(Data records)
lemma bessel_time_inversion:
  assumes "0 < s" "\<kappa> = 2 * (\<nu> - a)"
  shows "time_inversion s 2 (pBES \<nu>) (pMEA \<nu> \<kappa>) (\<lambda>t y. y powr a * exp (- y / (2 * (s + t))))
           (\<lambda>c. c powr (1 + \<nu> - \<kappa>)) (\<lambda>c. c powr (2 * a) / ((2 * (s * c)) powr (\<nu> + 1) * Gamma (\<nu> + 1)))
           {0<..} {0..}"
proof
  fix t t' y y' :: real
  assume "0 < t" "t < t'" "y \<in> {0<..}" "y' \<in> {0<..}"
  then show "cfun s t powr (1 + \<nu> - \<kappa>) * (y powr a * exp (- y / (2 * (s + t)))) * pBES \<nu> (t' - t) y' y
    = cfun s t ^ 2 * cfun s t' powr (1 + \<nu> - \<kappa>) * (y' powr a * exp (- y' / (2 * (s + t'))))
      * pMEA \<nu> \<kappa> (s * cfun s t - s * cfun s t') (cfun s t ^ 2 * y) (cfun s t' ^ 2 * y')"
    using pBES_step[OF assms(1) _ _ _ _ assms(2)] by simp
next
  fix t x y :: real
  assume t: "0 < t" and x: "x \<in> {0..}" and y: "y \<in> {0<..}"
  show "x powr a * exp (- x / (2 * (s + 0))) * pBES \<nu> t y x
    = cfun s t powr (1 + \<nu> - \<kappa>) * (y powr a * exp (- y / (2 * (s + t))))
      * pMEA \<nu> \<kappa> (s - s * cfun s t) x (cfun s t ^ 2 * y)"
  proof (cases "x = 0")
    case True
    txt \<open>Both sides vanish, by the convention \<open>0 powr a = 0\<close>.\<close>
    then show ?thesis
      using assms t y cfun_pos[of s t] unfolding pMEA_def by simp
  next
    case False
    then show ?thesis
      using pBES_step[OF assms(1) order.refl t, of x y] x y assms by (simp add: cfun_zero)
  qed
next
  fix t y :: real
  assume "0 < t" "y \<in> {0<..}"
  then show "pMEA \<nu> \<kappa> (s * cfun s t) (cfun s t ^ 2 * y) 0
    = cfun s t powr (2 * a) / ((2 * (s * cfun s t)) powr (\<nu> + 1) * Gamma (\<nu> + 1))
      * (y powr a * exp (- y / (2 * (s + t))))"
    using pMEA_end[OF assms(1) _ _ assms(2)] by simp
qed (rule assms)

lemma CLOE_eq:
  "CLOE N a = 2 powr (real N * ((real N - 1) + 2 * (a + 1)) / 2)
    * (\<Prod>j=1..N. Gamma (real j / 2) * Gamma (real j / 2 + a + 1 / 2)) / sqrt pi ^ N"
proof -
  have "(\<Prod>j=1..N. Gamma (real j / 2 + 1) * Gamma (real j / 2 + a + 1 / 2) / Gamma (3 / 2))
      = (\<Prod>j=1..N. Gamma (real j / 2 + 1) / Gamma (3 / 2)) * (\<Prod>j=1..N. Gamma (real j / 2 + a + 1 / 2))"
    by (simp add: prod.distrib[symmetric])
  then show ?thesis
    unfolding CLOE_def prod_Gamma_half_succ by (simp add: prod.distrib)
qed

**YOUR TASK**. Search the records for the word "lambda". Copy each line where it appears.

**RESULT OF THIS TASK**.
  shows "time_inversion s 2 (pBES \<nu>) (pMEA \<nu> \<kappa>) (\<lambda>t y. y powr a * exp (- y / (2 * (s + t))))
           (\<lambda>c. c powr (1 + \<nu> - \<kappa>)) (\<lambda>c. c powr (2 * a) / ((2 * (s * c)) powr (\<nu> + 1) * Gamma (\<nu> + 1)))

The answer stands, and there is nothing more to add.